▸ **Task objective**
Emit an exact copy of the lines running from the start of the records to the line containing "moreover from this", both included.
* * * * *
lemma keys_block_poly: "Poly_Mapping.keys (block_poly c B d) \<subseteq> (\<lambda>j. block_monomial j (B j) d) ` {..<c}"
  unfolding block_poly_def by (rule order_trans[OF keys_sum]) auto

lemma mpoly_in_vars_block_poly:
  assumes "c \<le> k" "\<And>j. j < c \<Longrightarrow> B j \<subseteq> {c..<k}"
  shows "mpoly_in_vars k (block_poly c B d)"
  unfolding mpoly_in_vars_def
proof
  fix \<alpha> assume "\<alpha> \<in> Poly_Mapping.keys (block_poly c B d)"
  then obtain j where "j < c" "\<alpha> = block_monomial j (B j) d"
    using keys_block_poly by blast
  moreover from this have "finite (B j)" "insert j (B j) \<subseteq> {..<k}"
    using assms by (auto intro: finite_subset[of _ "{c..<k}"] dest!: assms(2))
  ultimately show "Poly_Mapping.keys \<alpha> \<subseteq> {..<k}"
    using keys_block_monomial by blast
qed
(* Let $s\ge4$, $d=s-3$, $V=\mathbb{F}_2^s$, and let $\mathbf b_{12},\mathbf b_{13},\mathbf b_{23}\in\mathbb{F}_2^d$ (with $\mathbf b_{ji}:=\mathbf b_{ij}$, $\mathbf b_{ii}:=\mathbf 0$) be such that the symmetric zero-diagonal matrix $\Theta=(\mathbf b_{ij})_{1\le i,j\le3}$ has no nontrivial $\mathbb{F}_2$-linear combination of its columns equal to zero. Let $\circ$ be the operation on $V$ $$x\circ y=x+y+\Big(0,0,0,\sum_{1\le i<j\le3}(x_iy_j+x_jy_i)\mathbf b_{ij}\Big).$$ Let $\lambda\in\mathbb{F}_2^{s\times s}$ (acting on row vectors by $x\mapsto x\lambda$). Then $\lambda\in H_\circ$ if and only if $$\lambda=\begin{pmatrix}A&B\\ 0_{d,3}&D\end{pmatrix}$$ for some $A\in\mathrm{GL}(\mathbb{F}_2^3)$, $D\in\mathrm{GL}(\mathbb{F}_2^d)$ and $B\in\mathbb{F}_2^{3\times d}$ satisfying, for all $1\le i<j\le3$, the compatibility equations $$\mathbf b_{ij}D=\sum_{1\le k_1<k_2\le3}\big(A_{ik_1}A_{jk_2}+A_{ik_2}A_{jk_1}\big)\mathbf b_{k_1k_2},$$ where $A_{kl}$ denotes the $(k,l)$ entry of $A$.
   Context: The operation $\circ$ is an alternative operation on $V$ (its translations $x\mapsto x\circ a$ form an elementary abelian regular group of xor-affine maps) with weak key space $\{k: x\circ k=x+k\ \forall x\}$ equal to the span of the last $d$ canonical vectors. $H_\circ$ is the group of maps $f\in\mathrm{GL}(V,+)$ with $(a\circ b)f=af\circ bf$ for all $a,b\in V$ (postfix notation). Vectors $\mathbf b_{ij}$ are row vectors, so $\mathbf b_{ij}D$ is a vector-matrix product. *)

theory Defs
  imports "HOL-Library.Z2" "Jordan_Normal_Form.Matrix"
begin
* * * * *
▸ **Solution to this problem**
lemma keys_block_poly: "Poly_Mapping.keys (block_poly c B d) \<subseteq> (\<lambda>j. block_monomial j (B j) d) ` {..<c}"
  unfolding block_poly_def by (rule order_trans[OF keys_sum]) auto

lemma mpoly_in_vars_block_poly:
  assumes "c \<le> k" "\<And>j. j < c \<Longrightarrow> B j \<subseteq> {c..<k}"
  shows "mpoly_in_vars k (block_poly c B d)"
  unfolding mpoly_in_vars_def
proof
  fix \<alpha> assume "\<alpha> \<in> Poly_Mapping.keys (block_poly c B d)"
  then obtain j where "j < c" "\<alpha> = block_monomial j (B j) d"
    using keys_block_poly by blast
  moreover from this have "finite (B j)" "insert j (B j) \<subseteq> {..<k}"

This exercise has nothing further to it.